President Joe Biden said in a statement that the strikes were the first in a series of actions by the U.S. in response to the attack in Jordan.  

"Our response began today," he said.  "It will continue at times and places of our choosing."

"The United States does not seek conflict in the Middle East or anywhere else in the world," he said. "But let all those who might seek to do us harm know this: If you harm an American, we will respond." 

Secretary of Defense Lloyd J. Austin III echoed the president's resolve to hold the Iran-backed groups accountable.  

"This is the start of our response," Austin said. 

"The president has directed additional actions to hold the IRGC and affiliated militias accountable for their attacks on U.S. and coalition forces," he said. "These will unfold at times and places of our choosing." 

He added that, while the U.S. does not seek conflict in the region, "the president and I will not tolerate attacks on American forces." 

Three civilians watch as soldiers carry a flag-draped coffin from a plane.
President Joe Biden, left, First Lady Dr. Jill Biden and Secretary of Defense Lloyd J. Austin III watch as an Army carry team transfers the remains of Army Sgt. William J. Rivers from a military plane at Dover Air Force Base, Del., Feb. 2, 2024. Rivers and Army Sgts. Kennedy L. Sanders and Breonna A. Moffett were killed in an attack by an uncrewed aerial system at a military base in Jordan last weekend.
Photo By: Jason Minto, Air Force
VIRIN: 240202-F-UK538-1021C

Today's strikes were announced just hours after Biden and Austin attended the dignified transfer in Dover, Delaware, of the remains of the three soldiers killed in last weekend's attack — Army Sgts. William J. Rivers, Kennedy L. Sanders and Breonna A. Moffett.  

National security officials said the facilities targeted in today's strikes were carefully selected to avoid civilian casualties and were based on clear evidence that they were connected to attacks on U.S. personnel. 

"The Department of Defense is in the early stages of battle damage assessment, but we believe that the strikes were successful," said John Kirby, National Security Council coordinator for strategic communications, during a briefing following the strikes.  

Army Lt. Gen.

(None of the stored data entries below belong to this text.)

lemma exists_weight_balancing_exponents:
  fixes G :: "((nat \<Rightarrow>\<^sub>0 nat) \<times> (nat \<Rightarrow>\<^sub>0 nat)) list"
  assumes "length G < d"
  shows "\<exists>w. (\<exists>j<d. w j \<noteq> 0) \<and> (\<forall>(\<alpha>, \<beta>)\<in>set G.
           (\<Sum>i<d. int (Poly_Mapping.lookup \<alpha> i) * w i) = (\<Sum>i<d. int (Poly_Mapping.lookup \<beta> i) * w i))"
proof -
  let ?diff = "\<lambda>(\<alpha>, \<beta>) i. int (Poly_Mapping.lookup \<alpha> i) - int (Poly_Mapping.lookup \<beta> i)"
  obtain w where nonzero: "\<exists>j<d. w j \<noteq> 0"
    and orthogonal: "\<forall>r\<in>set (map ?diff G). (\<Sum>i<d. r i * w i) = 0"
    using exists_nonzero_orthogonal_int[of "map ?diff G" d] assms by auto
  have "(\<Sum>i<d. int (Poly_Mapping.lookup \<alpha> i) * w i) = (\<Sum>i<d. int (Poly_Mapping.lookup \<beta> i) * w i)"
    if "(\<alpha>, \<beta>) \<in> set G" for \<alpha> \<beta>
  proof -
    have "?diff (\<alpha>, \<beta>) \<in> set (map ?diff G)"
      using that unfolding set_map by (rule imageI)
    then have "(\<Sum>i<d. ?diff (\<alpha>, \<beta>) i * w i) = 0"
      using orthogonal by blast
    then show ?thesis
      by (simp add: left_diff_distrib sum_subtractf)
  qed
  with nonzero show ?thesis by blast
qed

Douglas A. Sims II, director of operations for the Joint Staff, said today's strikes employed multiple aircraft, including B-1 Lancers that flew from bases in the U.S. 

"This has been in the planning since we were asked to look at it," Sims said, adding that weather played a factor in the timing of the strikes.  

"Good weather presented itself today and, as a result, this took place," he said.  

Kirby said the president was kept informed throughout the afternoon.  

"As President Biden has made clear, we will not hesitate to defend our people and hold responsible all those who harm Americans at a time and place of our choosing," Kirby said. "That began tonight—but it will not end tonight."